Les navires battant pavillon grec et libérien sont les premiers à transiter par Ormuz depuis le cessez-le-feu

Milos Schmidt

Les navires battant pavillon grec et libérien sont les premiers à transiter par Ormuz depuis le cessez-le-feu

Un vraquier grec et un navire battant pavillon libérien semblent être les premiers navires à traverser le détroit d’Ormuz depuis le cessez-le-feu de mercredi, dans le cadre d’une trêve fragile de deux semaines.

Deux navires sont devenus les premiers à transiter par le détroit d’Ormuz depuis que les États-Unis et l’Iran ont convenu d’un cessez-le-feu nocturne, selon l’observateur maritime MarineTraffic.

Le vraquier grec NJ Earth a traversé le détroit à 10h44 CET, tandis que le Daytona Beach, battant pavillon libérien, a transité plus tôt à 8h59 CET, après avoir quitté le port iranien de Bandar Abbas un peu plus d’une heure plus tôt à 7h28 CET.

Ces passages marquent les premiers transits confirmés dans le cadre de ce qui est probablement les nouveaux termes de la trêve affectant le point d’étranglement énergétique le plus critique au monde.

Le ministre iranien des Affaires étrangères, Abbas Araghchi, a déclaré que les navires seraient autorisés à traverser le détroit en toute sécurité pendant une période de deux semaines « en coordination avec les forces armées iraniennes et en tenant dûment compte des limitations techniques ».

L’accord est intervenu quelques heures avant une date limite fixée par le président américain Donald Trump, après avoir menacé « une civilisation entière de mourir ce soir » si l’Iran n’acceptait pas d’ouvrir le détroit, avant d’annoncer une suspension des bombardements en échange du cessez-le-feu.

On estime que plus de 800 navires sont actuellement bloqués dans le golfe du Moyen-Orient, selon Lloyd’s List, un journal maritime réputé basé à Londres, et les armateurs dont les navires sont bloqués là-bas ont également déclaré à Lloyd’s que des préparatifs étaient en cours pour commencer à les déplacer dès mercredi matin.

Les détails clés restent incertains, l’Iran affirmant avoir accepté deux semaines de passage sûr avec des « limitations techniques », tandis que Trump a annoncé une « ouverture complète, immédiate et sûre ».

On ne sait toujours pas si les deux parties se sont mises d’accord sur les conditions de paiement du transit ou exactement quand la trêve entrera en vigueur.

Neil Roberts, responsable du secteur maritime et aérien à la Lloyd’s Market Association, a déclaré que même si un cessez-le-feu était généralement une bonne nouvelle pour les compagnies maritimes, elles continueraient à subir des pertes et qu’une reprise complète du trafic d’avant-guerre était peu probable dans un avenir proche.

« Les navires auparavant incapables de partir tenteront désormais de le faire dès que les propriétaires et le capitaine estimeront qu’il est possible de le faire en toute sécurité », a-t-il expliqué, soulignant que la région continuera à être traitée comme un risque accru.

« D’un point de vue assurance, le cessez-le-feu est bien sûr le bienvenu… mais, en attendant, il est hautement improbable que le commerce avec le Golfe reprenne tout simplement », a poursuivi Roberts.

La question du péage

Un responsable régional a déclaré que l’Iran et Oman factureraient tous deux le transit aux navires, l’Iran ayant l’intention d’utiliser les bénéfices pour la reconstruction.
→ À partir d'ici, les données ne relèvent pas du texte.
lemma sl2_equivariant_map_weight:
  assumes "sl2_equivariant_map r n q" and "q k i j \<noteq> 0"
  shows "(int r - 2*i) + (int r - 2*j) = int n - 2*k"
proof -
  have "0 \<le> k \<and> k \<le> int n \<and> 0 \<le> i \<and> i \<le> int r \<and> 0 \<le> j \<and> j \<le> int r"
    using sl2_equivariant_map_vanish[OF assms(1)] assms(2) by blast
  then have "of_int ((int r - 2*i) + (int r - 2*j)) * q k i j = of_int (int n - 2*k) * q k i j"
    using sl2_equivariant_map_H[OF assms(1)] by blast
  with assms(2) show ?thesis
    by (metis mult_cancel_right of_int_eq_iff)
qed

lemma linear_eq_diff:
  fixes a b c A B C D E F :: "'a::comm_ring"
  assumes "a*A + b*C = c*E" and "a*B + b*D = c*F"
  shows "a*(A-B) + b*(C-D) = c*(E-F)"
  using assms by (simp add: algebra_simps)

lemma sl2_equivariant_map_diff:
  assumes q: "sl2_equivariant_map r n q" and p: "sl2_equivariant_map r n p"
  shows "sl2_equivariant_map r n (\<lambda>k i j. q k i j - p k i j)"
  unfolding sl2_equivariant_map_def lin_map_rep_def equivariant_X_def equivariant_Y_def
    equivariant_H_def
proof (intro conjI allI impI)
  fix k i j :: int
  show "q k i j - p k i j = q k j i - p k j i"
    by (simp add: sl2_equivariant_map_sym[OF q] sl2_equivariant_map_sym[OF p])
  show "q k i j - p k i j = 0"
    if "\<not> (0 \<le> k \<and> k \<le> int n \<and> 0 \<le> i \<and> i \<le> int r \<and> 0 \<le> j \<and> j \<le> int r)"
    using that by (simp add: sl2_equivariant_map_vanish[OF q] sl2_equivariant_map_vanish[OF p])
  assume "0 \<le> k \<and> k \<le> int n \<and> 0 \<le> i \<and> i \<le> int r \<and> 0 \<le> j \<and> j \<le> int r"
  then have b: "0 \<le> k" "k \<le> int n" "0 \<le> i" "i \<le> int r" "0 \<le> j" "j \<le> int r" by auto
  show "of_int (int r - i + 1) * (q k (i-1) j - p k (i-1) j)
      + of_int (int r - j + 1) * (q k i (j-1) - p k i (j-1))
      = of_int (int n - k) * (q (k+1) i j - p (k+1) i j)"
    by (rule linear_eq_diff[OF sl2_equivariant_map_X[OF q b] sl2_equivariant_map_X[OF p b]])
  show "of_int (i+1) * (q k (i+1) j - p k (i+1) j) + of_int (j+1) * (q k i (j+1) - p k i (j+1))
      = of_int k * (q (k-1) i j - p (k-1) i j)"
    by (rule linear_eq_diff[OF sl2_equivariant_map_Y[OF q b] sl2_equivariant_map_Y[OF p b]])
  show "of_int ((int r - 2*i) + (int r - 2*j)) * (q k i j - p k i j)
      = of_int (int n - 2*k) * (q k i j - p k i j)"
    using sl2_equivariant_map_H[OF q b] sl2_equivariant_map_H[OF p b]
    by (simp only: right_diff_distrib)
qed

text \<open>The action of the Weyl element, x_i \<mapsto> x_(r-i) and w_k \<mapsto> w_(n-k), on the
  coordinates q_k(x_i x_j); it exchanges the roles of X and Y.\<close>

definition weyl_flip :: "nat \<Rightarrow> nat \<Rightarrow> (int \<Rightarrow> int \<Rightarrow> int \<Rightarrow> complex) \<Rightarrow> int \<Rightarrow> int \<Rightarrow> int \<Rightarrow> complex"
  where "weyl_flip r n q k i j = q (int n - k) (int r - i) (int r - j)"

lemma sl2_equivariant_map_weyl_flip:
  assumes q: "sl2_equivariant_map r n q"
  shows "sl2_equivariant_map r n (weyl_flip r n q)"
  unfolding sl2_equivariant_map_def lin_map_rep_def equivariant_X_def equivariant_Y_def
    equivariant_H_def
proof (intro conjI allI impI)
  fix k i j :: int
  show "weyl_flip r n q k i j = weyl_flip r n q k j i"
    by (simp add: weyl_flip_def sl2_equivariant_map_sym[OF q])
  show "weyl_flip r n q k i j = 0"
    if "\<not> (0 \<le> k \<and> k \<le> int n \<and> 0 \<le> i \<and> i \<le> int r \<and> 0 \<le> j \<and> j \<le> int r)"
    unfolding weyl_flip_def by (rule sl2_equivariant_map_vanish[OF q]) (use that in linarith)
  assume "0 \<le> k \<and> k \<le> int n \<and> 0 \<le> i \<and> i \<le> int r \<and> 0 \<le> j \<and> j \<le> int r"
  then have b: "0 \<le> int n - k" "int n - k \<le> int n" "0 \<le> int r - i" "int r - i \<le> int r"
    "0 \<le> int r - j" "int r - j \<le> int r" by auto
  have shift: "int r - (i - 1) = int r - i + 1" "int r - (j - 1) = int r - j + 1"
    "int n - (k + 1) = int n - k - 1" "int r - (i + 1) = int r - i - 1"
    "int r - (j + 1) = int r - j - 1" "int n - (k - 1) = int n - k + 1"
    "int r - (int r - i) = i" "int r - (int r - j) = j" "int n - (int n - k) = k"
    by simp_all
  show "of_int (int r - i + 1) * weyl_flip r n q k (i-1) j
      + of_int (int r - j + 1) * weyl_flip r n q k i (j-1)
      = of_int (int n - k) * weyl_flip r n q (k+1) i j"
    using sl2_equivariant_map_Y[OF q b] by (simp only: weyl_flip_def shift)
  show "of_int (i+1) * weyl_flip r n q k (i+1) j + of_int (j+1) * weyl_flip r n q k i (j+1)
      = of_int k * weyl_flip r n q (k-1) i j"
    using sl2_equivariant_map_X[OF q b] by (simp only: weyl_flip_def shift)
  have "of_int (- ((int r - 2*i) + (int r - 2*j))) * weyl_flip r n q k i j
      = of_int (- (int n - 2*k)) * weyl_flip r n q k i j"
    using sl2_equivariant_map_H[OF q b] unfolding weyl_flip_def
    by (simp add: algebra_simps)
  then show "of_int ((int r - 2*i) + (int r - 2*j)) * weyl_flip r n q k i j
      = of_int (int n - 2*k) * weyl_flip r n q k i j"
    by (simp only: of_int_minus mult_minus_left minus_equation_iff minus_minus)
qed

lemma sl2_equivariant_map_eq_0_of_lowest:
  assumes q: "sl2_equivariant_map r n q" and lowest: "\<And>i j. q 0 i j = 0"
  shows "q k i j = 0"
proof (cases "0 \<le> k")
  case False
  then show ?thesis by (simp add: sl2_equivariant_map_vanish[OF q])
next
  case True
  have "q (int t) i j = 0" for t i j
  proof (induction t arbitrary: i j)
    case 0
    then show ?case by (simp add: lowest)
  next
    case (Suc t)
    show ?case
    proof (cases "int t < int n \<and> 0 \<le> i \<and> i \<le> int r \<and> 0 \<le> j \<and> j \<le> int r")
      case False
      then show ?thesis by (auto intro: sl2_equivariant_map_vanish[OF q])
    next
      case True
      then have "of_int (int n - int t) * q (int t + 1) i j = 0"
        using sl2_equivariant_map_X[OF q, of "int t" i j] Suc.IH by simp
      moreover have "(of_int (int n - int t) :: complex) \<noteq> 0"
        using True by simp
      ultimately show ?thesis by (simp add: add.commute)
    qed
  qed
  from this[of "nat k"] True show ?thesis by simp
qed

lemma sl2_equivariant_map_lowest_eq_0:
  assumes q: "sl2_equivariant_map r n q" and weight: "n + 2 * c = 2 * r"
    and top: "q 0 0 (int c) = 0"
  shows "q 0 i j = 0"
proof -
  have diagonal: "q 0 (int a) (int c - int a) = 0" for a
  proof (induction a)
    case 0
    then show ?case using top by simp
  next
    case (Suc a)
    show ?case
    proof (cases "int a < int c")
      case False
      then show ?thesis by (simp add: sl2_equivariant_map_vanish[OF q])
    next
      case True
      then have "of_int (int a + 1) * q 0 (int a + 1) (int c - int a - 1) = 0"
        using sl2_equivariant_map_Y[OF q, of 0 "int a" "int c - int a - 1"] Suc.IH weight
        by simp
      moreover have "(of_int (int a + 1) :: complex) \<noteq> 0"
        by (metis of_int_of_nat_eq of_nat_Suc of_nat_neq_0 add.commute)
      ultimately show ?thesis by (simp add: add.commute diff_diff_eq)
    qed
  qed
  show ?thesis
  proof (cases "q 0 i j = 0")
    case False
    have "j = int c - i"
      using sl2_equivariant_map_weight[OF q False] weight by linarith
    moreover have "0 \<le> i"
      using False sl2_equivariant_map_vanish[OF q] by force
    ultimately show ?thesis using diagonal[of "nat i"] by simp
  qed
qed

lemma of_nat_Suc_times_binomial:
  "(of_nat (Suc k) :: 'a::comm_semiring_1) * of_nat (n choose Suc k) = of_nat (n - k) * of_nat (n choose k)"
  by (simp only: of_nat_mult[symmetric] binomial_absorption binomial_absorb_comp)

lemma sl2_equivariant_map_lowest_row:
  assumes q: "sl2_equivariant_map r n q" and r: "r = c + s" and "s \<le> n" and "t \<le> s"
  shows "of_nat (n choose t) * q (int t) 0 (int (c + t)) = of_nat (s choose t) * q 0 0 (int c)"
  using \<open>t \<le> s\<close>
proof (induction t)
  case 0
  then show ?case by simp
next
  case (Suc t)
  have X: "of_nat (s - t) * q (int t) 0 (int (c + t)) = of_nat (n - t) * q (int (Suc t)) 0 (int (c + Suc t))"
    using sl2_equivariant_map_X[OF q, of "int t" 0 "int (c + Suc t)"]
      sl2_equivariant_map_vanish[OF q, of "int t" "-1"] Suc.prems r \<open>s \<le> n\<close>
    by (simp add: of_nat_diff add_ac)
  have "of_nat (Suc t) * (of_nat (n choose Suc t) * q (int (Suc t)) 0 (int (c + Suc t)))
      = of_nat (n choose t) * (of_nat (n - t) * q (int (Suc t)) 0 (int (c + Suc t)))"
    by (simp only: mult.assoc[symmetric] of_nat_Suc_times_binomial) (simp only: ac_simps)
  also have "\<dots> = of_nat (s - t) * (of_nat (n choose t) * q (int t) 0 (int (c + t)))"
    by (subst X[symmetric]) (simp only: ac_simps)
  also have "\<dots> = of_nat (Suc t) * (of_nat (s choose Suc t) * q 0 0 (int c))"
    using Suc by (simp only: mult.assoc[symmetric] of_nat_Suc_times_binomial)
  finally show ?case
    by (simp only: mult_left_cancel of_nat_neq_0 not_False_eq_True)
qed

lemma sl2_equivariant_map_weyl_flip_lowest:
  assumes q: "sl2_equivariant_map r n q" and weight: "n + 2 * c = 2 * r"
  shows "weyl_flip r n q 0 0 (int c) = q 0 0 (int c)"
proof -
  define s where "s = r - c"
  have r: "r = c + s" and n: "n = s + s"
    using weight unfolding s_def by simp_all
  have "of_nat (n choose s) * q (int s) 0 (int (c + s)) = q 0 0 (int c)"
    using sl2_equivariant_map_lowest_row[OF q r, of s] n by simp
  moreover have "of_nat (n choose s) * weyl_flip r n q (int s) 0 (int (c + s)) = weyl_flip r n q 0 0 (int c)"
    using sl2_equivariant_map_lowest_row[OF sl2_equivariant_map_weyl_flip[OF q] r, of s] n by simp
  moreover have "weyl_flip r n q (int s) 0 (int (c + s)) = q (int s) 0 (int (c + s))"
    unfolding weyl_flip_def using sl2_equivariant_map_sym[OF q] r n by simp
  ultimately show ?thesis by simp
qed

theorem mainTheorem4:
  fixes r m n :: nat and q :: "int \<Rightarrow> int \<Rightarrow> int \<Rightarrow> complex" and k i j :: int
  assumes "r \<ge> 2" and "2 * m \<le> r" and "n = 2 * r - 4 * m"
    and "sl2_equivariant_map r n q"
    and "0 \<le> k" and "k \<le> int r - 2 * int m"
    and "0 \<le> i" and "i \<le> int r"
    and "j = 2 * int m + k - i"
  shows "q k i j = q (int n - k) (int r - i) (int r - j)"
proof -
  define d where "d = (\<lambda>k i j. q k i j - weyl_flip r n q k i j)"
  have d: "sl2_equivariant_map r n d"
    unfolding d_def
    using sl2_equivariant_map_diff sl2_equivariant_map_weyl_flip assms(4) by blast
  have weight: "n + 2 * (2 * m) = 2 * r"
    using assms(2,3) by simp
  have "d 0 0 (int (2 * m)) = 0"
    unfolding d_def using sl2_equivariant_map_weyl_flip_lowest[OF assms(4) weight] by simp
  then have "d 0 i j = 0" for i j
    by (rule sl2_equivariant_map_lowest_eq_0[OF d weight])
  then have "d k i j = 0"
    by (rule sl2_equivariant_map_eq_0_of_lowest[OF d])
  then show ?thesis
    unfolding d_def weyl_flip_def by simp
qed

end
Plusieurs rapports non confirmés suggèrent qu’une redevance d’environ 2 millions de dollars (1,7 million d’euros) par navire serait en discussion.

Le parlement iranien a débattu d’une législation visant à codifier le régime de péage.

Le détroit d’Ormuz n’a jamais eu de conséquences néfastes dans son histoire en tant que voie navigable internationale.

Les deux voies de navigation du détroit permettent le transport d’environ 20 millions de barils de pétrole et de produits pétroliers par jour, soit environ un cinquième de la consommation mondiale de pétrole et plus d’un quart de tout le commerce maritime de pétrole, selon l’Energy Information Administration des États-Unis.

Environ un cinquième du commerce mondial de GNL passe également par Ormuz, le Qatar étant le principal exportateur.